# [Exercise objective]
Reproduce the records word for word, from the first line to the line containing "Convergence of vectors".

[Stored entries]
(* For every natural number $l$, the double subdivided star $T_{l,l}$ exhibits pretty good state transfer between its two coalescence vertices $a$ and $b$ with respect to a sequence in $(4\mathbb{Z}-1)\frac{\pi}{2}$; that is, there is a sequence $(\tau_k)$ with each $\tau_k\in\{(4n-1)\pi/2: n\in\mathbb{Z}\}$ and some $\gamma\in\mathbb{C}$ such that $\lim_{k\to\infty}U(\tau_k)\mathbf{e}_a=\gamma\mathbf{e}_b$.
   Context: A subdivided star $SK_{1,l}$ is obtained by identifying exactly one pendant (end) vertex from each of $l$ copies of the path $P_3$; the identified vertex is the coalescence vertex. The double subdivided star $T_{l,m}$ is obtained from $SK_{1,l}$ and $SK_{1,m}$ by adding one edge joining their two coalescence vertices; in $T_{l,l}$ these are the two vertices of degree $l+1$ joined by that edge (for $l=1$, the two middle vertices of the path $P_6$). For a graph with adjacency matrix $A$, $U(t)=\exp(itA)$, $t\in\mathbb{R}$, and $\mathbf{e}_a$ is the standard basis vector of vertex $a$. Pretty good state transfer between distinct vertices $a,b$ means there exist real $\tau_k$ and $\gamma\in\mathbb{C}$ with $\lim_{k\to\infty}U(\tau_k)\mathbf{e}_a=\gamma\mathbf{e}_b$. *)

theory Defs
  imports "HOL-Analysis.Analysis"
begin

text \<open>Graphs on a finite vertex set V with adjacency matrix given as a function
  A :: 'v => 'v => complex (entries outside V are irrelevant).\<close>

fun mat_pow :: "'v set \<Rightarrow> ('v \<Rightarrow> 'v \<Rightarrow> complex) \<Rightarrow> nat \<Rightarrow> 'v \<Rightarrow> 'v \<Rightarrow> complex" where
  "mat_pow V A 0 x y = (if x = y then 1 else 0)"
| "mat_pow V A (Suc n) x y = (\<Sum>z\<in>V. A x z * mat_pow V A n z y)"

definition trans_mat :: "'v set \<Rightarrow> ('v \<Rightarrow> 'v \<Rightarrow> complex) \<Rightarrow> real \<Rightarrow> 'v \<Rightarrow> 'v \<Rightarrow> complex" where
  "trans_mat V A t x y = (\<Sum>n. (\<i> * complex_of_real t) ^ n / fact n * mat_pow V A n x y)"

text \<open>U(t) e_a as a vector indexed by V: its y-entry is U(t)_{y,a}.
  Convergence of vectors in the finite-dimensional space C^V is entrywise convergence.\<close>
definition pgst_along :: "'v set \<Rightarrow> ('v \<Rightarrow> 'v \<Rightarrow> complex) \<Rightarrow> 'v \<Rightarrow> 'v \<Rightarrow> (nat \<Rightarrow> real) \<Rightarrow> complex \<Rightarrow> bool" where
  "pgst_along V A a b \<tau> \<gamma> \<longleftrightarrow>
     (\<forall>y\<in>V. (\<lambda>k. trans_mat V A (\<tau> k) y a) \<longlonglongrightarrow> (if y = b then \<gamma> else 0))"

text \<open>Vertices of the double subdivided star T_{l,m}: side False/True,
  coalescence vertex Cen s, and for each branch i the middle vertex Mid s i
  and the pendant vertex Leaf s i (each branch is a copy of P_3: Cen - Mid - Leaf).\<close>
datatype dsvtx = Cen bool | Mid bool nat | Leaf bool nat

definition dss_vertices :: "nat \<Rightarrow> nat \<Rightarrow> dsvtx set" where
  "dss_vertices l m = {Cen False, Cen True}
     \<union> {Mid False i | i. i < l} \<union> {Leaf False i | i. i < l}
     \<union> {Mid True i | i. i < m} \<union> {Leaf True i | i. i < m}"

fun dss_edge :: "dsvtx \<Rightarrow> dsvtx \<Rightarrow> bool" where
  "dss_edge (Cen s) (Cen s') = (s \<noteq> s')"
| "dss_edge (Cen s) (Mid s' i) = (s = s')"
| "dss_edge (Mid s i) (Cen s') = (s = s')"
| "dss_edge (Mid s i) (Leaf s' j) = (s = s' \<and> i = j)"
| "dss_edge (Leaf s i) (Mid s' j) = (s = s' \<and> i = j)"
| "dss_edge _ _ = False"

definition dss_adj :: "nat \<Rightarrow> nat \<Rightarrow> dsvtx \<Rightarrow> dsvtx \<Rightarrow> complex" where
  "dss_adj l m x y =
     (if x \<in> dss_vertices l m \<and> y \<in> dss_vertices l m \<and> dss_edge x y then 1 else 0)"

end

theory Submission
  imports Defs
begin

(* The vector e_a is a combination of six eigenvectors of T_{l,l}: for each of the three
   roots x of x^3 - x^2 - (l+1) x + 1 (all real, irrational, summing to 1), one eigenvector
   that is symmetric under exchanging the two halves of the tree, with eigenvalue x, and an
   antisymmetric one with eigenvalue -x. Flipping the sign of the antisymmetric part turns
   e_a into e_b. Hence U(t) e_a tends to i e_b as soon as e^{i t x} tends to i for all three
   roots, because e^{-i t x} then tends to -i. For t = (4K - 1) pi/2 this asks that
   K x - (x + 1)/4 approach the integers for every root x. Since 1 and two of the roots are
   linearly independent over Q, Kronecker's theorem provides such K for these two roots, and
   the third root 1 - x - y follows because e^{i t} = -i. *)

section \<open>Spectral expansion of the transition matrix\<close>

lemma mat_pow_eigen_expansion:
  fixes A :: "'v \<Rightarrow> 'v \<Rightarrow> complex" and v :: "'j \<Rightarrow> 'v \<Rightarrow> complex"
  assumes eigen: "\<And>j y. j \<in> J \<Longrightarrow> y \<in> V \<Longrightarrow> (\<Sum>z\<in>V. A y z * v j z) = \<mu> j * v j y"
    and expansion: "\<And>y. y \<in> V \<Longrightarrow> (\<Sum>j\<in>J. c j * v j y) = (if y = a then 1 else 0)"
    and "y \<in> V"
  shows "mat_pow V A n y a = (\<Sum>j\<in>J. c j * \<mu> j ^ n * v j y)"
  using \<open>y \<in> V\<close>
proof (induction n arbitrary: y)
  case 0
  then show ?case by (simp add: expansion)
next
  case (Suc n)
  have "mat_pow V A (Suc n) y a = (\<Sum>z\<in>V. A y z * (\<Sum>j\<in>J. c j * \<mu> j ^ n * v j z))"
    by (simp add: Suc.IH)
  also have "\<dots> = (\<Sum>j\<in>J. c j * \<mu> j ^ n * (\<Sum>z\<in>V. A y z * v j z))"
    by (simp add: sum_distrib_left sum.swap[of _ V] mult_ac)
  also have "\<dots> = (\<Sum>j\<in>J. c j * \<mu> j ^ Suc n * v j y)"
    by (rule sum.cong) (simp_all add: eigen Suc.prems)
  finally show ?case .
qed

lemma trans_mat_eigen_expansion:
  fixes A :: "'v \<Rightarrow> 'v \<Rightarrow> complex" and v :: "'j \<Rightarrow> 'v \<Rightarrow> complex"
  assumes eigen: "\<And>j y. j \<in> J \<Longrightarrow> y \<in> V \<Longrightarrow> (\<Sum>z\<in>V. A y z * v j z) = \<mu> j * v j y"
    and expansion: "\<And>y. y \<in> V \<Longrightarrow> (\<Sum>j\<in>J. c j * v j y) = (if y = a then 1 else 0)"
    and "y \<in> V"
  shows "trans_mat V A t y a = (\<Sum>j\<in>J. c j * exp (\<i> * of_real t * \<mu> j) * v j y)"
proof -
  have "(\<lambda>n. (\<i> * of_real t * \<mu> j) ^ n /\<^sub>R fact n * (c j * v j y))
          sums (exp (\<i> * of_real t * \<mu> j) * (c j * v j y))" for j
    by (rule sums_mult2[OF exp_converges])
  then have "(\<lambda>n. \<Sum>j\<in>J. (\<i> * of_real t * \<mu> j) ^ n /\<^sub>R fact n * (c j * v j y))
          sums (\<Sum>j\<in>J. c j * exp (\<i> * of_real t * \<mu> j) * v j y)"
    by (intro sums_sum) (simp add: mult_ac)
  moreover have "(\<i> * of_real t) ^ n / fact n * mat_pow V A n y a
      = (\<Sum>j\<in>J. (\<i> * of_real t * \<mu> j) ^ n /\<^sub>R fact n * (c j * v j y))" for n
    by (simp add: mat_pow_eigen_expansion[OF eigen expansion \<open>y \<in> V\<close>] sum_distrib_left
        scaleR_conv_of_real power_mult_distrib divide_inverse mult_ac)
  ultimately show ?thesis
    unfolding trans_mat_def by (simp add: sums_unique[symmetric])
qed

section \<open>Cubics and divided differences\<close>

lemma divided_difference_quadratic:
  fixes a b c :: real
  assumes "a \<noteq> b" "a \<noteq> c" "b \<noteq> c"
  shows "(\<Sum>x\<in>{a, b, c}. 1 / (\<Prod>z\<in>{a, b, c} - {x}. x - z) * (\<alpha> * x\<^sup>2 + \<beta> * x + \<gamma>)) = \<alpha>"
proof -
  have "{a, b, c} - {a} = {b, c}" "{a, b, c} - {b} = {a, c}" "{a, b, c} - {c} = {a, b}"
    using assms by auto
  then have "(\<Sum>x\<in>{a, b, c}. 1 / (\<Prod>z\<in>{a, b, c} - {x}. x - z) * (\<alpha> * x\<^sup>2 + \<beta> * x + \<gamma>))
      = (\<alpha> * a\<^sup>2 + \<beta> * a + \<gamma>) / ((a - b) * (a - c)) + (\<alpha> * b\<^sup>2 + \<beta> * b + \<gamma>) / ((b - a) * (b - c))
        + (\<alpha> * c\<^sup>2 + \<beta> * c + \<gamma>) / ((c - a) * (c - b))"
    using assms by simp
  also have "\<dots> = \<alpha>"
  proof -
    have "a - b \<noteq> 0" "a - c \<noteq> 0" "b - c \<noteq> 0" "b - a \<noteq> 0" "c - a \<noteq> 0" "c - b \<noteq> 0"
      using assms by auto
    then show ?thesis
      by (simp add: divide_simps) (simp add: algebra_simps power2_eq_square)
  qed
  finally show ?thesis .
qed

lemma monic_cubic_distinct_roots_sum:
  fixes b c d x y z :: "'a :: idom"
  assumes roots: "x ^ 3 + b * x\<^sup>2 + c * x + d = 0" "y ^ 3 + b * y\<^sup>2 + c * y + d = 0"
      "z ^ 3 + b * z\<^sup>2 + c * z + d = 0"
    and distinct: "x \<noteq> y" "x \<noteq> z" "y \<noteq> z"
  shows "x + y + z = - b"
proof -
  have factor: "(u - v) * (u\<^sup>2 + u * v + v\<^sup>2 + b * (u + v) + c)
      = (u ^ 3 + b * u\<^sup>2 + c * u + d) - (v ^ 3 + b * v\<^sup>2 + c * v + d)" for u v
    by (simp add: algebra_simps power2_eq_square power3_eq_cube)
  have "(y - z) * (x + y + z + b)
      = (x\<^sup>2 + x * y + y\<^sup>2 + b * (x + y) + c) - (x\<^sup>2 + x * z + z\<^sup>2 + b * (x + z) + c)"
    by (simp add: algebra_simps power2_eq_square)
  also have "\<dots> = 0"
    using factor[of x y] factor[of x z] roots distinct by simp
  finally have "(y - z) * (x + y + z + b) = 0" .
  then show ?thesis
    using distinct by (simp add: eq_neg_iff_add_eq_0)
qed

lemma irrational_rat_linear_eq_0:
  fixes x u v :: real
  assumes "x \<notin> \<rat>" "u \<in> \<rat>" "v \<in> \<rat>" "u * x + v = 0"
  shows "u = 0 \<and> v = 0"
proof (cases "u = 0")
  case False
  with assms(4) have "x = - v / u"
    by (simp add: field_simps eq_neg_iff_add_eq_0)
  with assms(1-3) show ?thesis
    by simp
qed (use assms in simp)

lemma monic_cubic_root_rat_quadratic_eq_0:
  fixes b c d x :: real
  assumes coeffs: "b \<in> \<rat>" "c \<in> \<rat>" "d \<in> \<rat>"
    and no_rat_root: "\<And>r. r \<in> \<rat> \<Longrightarrow> r ^ 3 + b * r\<^sup>2 + c * r + d \<noteq> 0"
    and root: "x ^ 3 + b * x\<^sup>2 + c * x + d = 0"
    and quadratic: "a2 \<in> \<rat>" "a1 \<in> \<rat>" "a0 \<in> \<rat>" "a2 * x\<^sup>2 + a1 * x + a0 = 0"
  shows "a2 = 0 \<and> a1 = 0 \<and> a0 = 0"
proof -
  have irrational: "x \<notin> \<rat>"
    using no_rat_root root by blast
  show ?thesis
  proof (cases "a2 = 0")
    case True
    then show ?thesis
      using irrational_rat_linear_eq_0[OF irrational, of a1 a0] quadratic by simp
  next
    case False
    define \<beta> \<gamma> where "\<beta> = a1 / a2" and "\<gamma> = a0 / a2"
    have rat: "\<beta> \<in> \<rat>" "\<gamma> \<in> \<rat>"
      using quadratic by (simp_all add: \<beta>_def \<gamma>_def)
    have monic: "x\<^sup>2 + \<beta> * x + \<gamma> = 0"
      using quadratic(4) False by (simp add: \<beta>_def \<gamma>_def field_simps)
    \<comment> \<open>The remainder of the division by the quadratic vanishes at the irrational x,
      hence identically, and then the rational number \<beta> - b is a root of the cubic.\<close>
    have division: "t ^ 3 + b * t\<^sup>2 + c * t + d = (t\<^sup>2 + \<beta> * t + \<gamma>) * (t + b - \<beta>)
        + (c - \<gamma> - \<beta> * (b - \<beta>)) * t + (d - \<gamma> * (b - \<beta>))" for t
      by (simp add: algebra_simps power2_eq_square power3_eq_cube)
    have "(c - \<gamma> - \<beta> * (b - \<beta>)) * x + (d - \<gamma> * (b - \<beta>)) = 0"
      using division[of x] root monic by simp
    then have "c - \<gamma> - \<beta> * (b - \<beta>) = 0 \<and> d - \<gamma> * (b - \<beta>) = 0"
      by (intro irrational_rat_linear_eq_0[OF irrational]) (use coeffs rat in simp_all)
    then have "(\<beta> - b) ^ 3 + b * (\<beta> - b)\<^sup>2 + c * (\<beta> - b) + d = 0"
      using division[of "\<beta> - b"] by simp
    moreover have "\<beta> - b \<in> \<rat>"
      using rat coeffs by simp
    ultimately show ?thesis
      using no_rat_root by blast
  qed
qed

# [Response box]
(* For every natural number $l$, the double subdivided star $T_{l,l}$ exhibits pretty good state transfer between its two coalescence vertices $a$ and $b$ with respect to a sequence in $(4\mathbb{Z}-1)\frac{\pi}{2}$; that is, there is a sequence $(\tau_k)$ with each $\tau_k\in\{(4n-1)\pi/2: n\in\mathbb{Z}\}$ and some $\gamma\in\mathbb{C}$ such that $\lim_{k\to\infty}U(\tau_k)\mathbf{e}_a=\gamma\mathbf{e}_b$.
   Context: A subdivided star $SK_{1,l}$ is obtained by identifying exactly one pendant (end) vertex from each of $l$ copies of the path $P_3$; the identified vertex is the coalescence vertex. The double subdivided star $T_{l,m}$ is obtained from $SK_{1,l}$ and $SK_{1,m}$ by adding one edge joining their two coalescence vertices; in $T_{l,l}$ these are the two vertices of degree $l+1$ joined by that edge (for $l=1$, the two middle vertices of the path $P_6$). For a graph with adjacency matrix $A$, $U(t)=\exp(itA)$, $t\in\mathbb{R}$, and $\mathbf{e}_a$ is the standard basis vector of vertex $a$. Pretty good state transfer between distinct vertices $a,b$ means there exist real $\tau_k$ and $\gamma\in\mathbb{C}$ with $\lim_{k\to\infty}U(\tau_k)\mathbf{e}_a=\gamma\mathbf{e}_b$. *)

theory Defs
  imports "HOL-Analysis.Analysis"
begin

text \<open>Graphs on a finite vertex set V with adjacency matrix given as a function
  A :: 'v => 'v => complex (entries outside V are irrelevant).\<close>

fun mat_pow :: "'v set \<Rightarrow> ('v \<Rightarrow> 'v \<Rightarrow> complex) \<Rightarrow> nat \<Rightarrow> 'v \<Rightarrow> 'v \<Rightarrow> complex" where
  "mat_pow V A 0 x y = (if x = y then 1 else 0)"
| "mat_pow V A (Suc n) x y = (\<Sum>z\<in>V. A x z * mat_pow V A n z y)"

definition trans_mat :: "'v set \<Rightarrow> ('v \<Rightarrow> 'v \<Rightarrow> complex) \<Rightarrow> real \<Rightarrow> 'v \<Rightarrow> 'v \<Rightarrow> complex" where
  "trans_mat V A t x y = (\<Sum>n. (\<i> * complex_of_real t) ^ n / fact n * mat_pow V A n x y)"

text \<open>U(t) e_a as a vector indexed by V: its y-entry is U(t)_{y,a}.
  Convergence of vectors in the finite-dimensional space C^V is entrywise convergence.\<close>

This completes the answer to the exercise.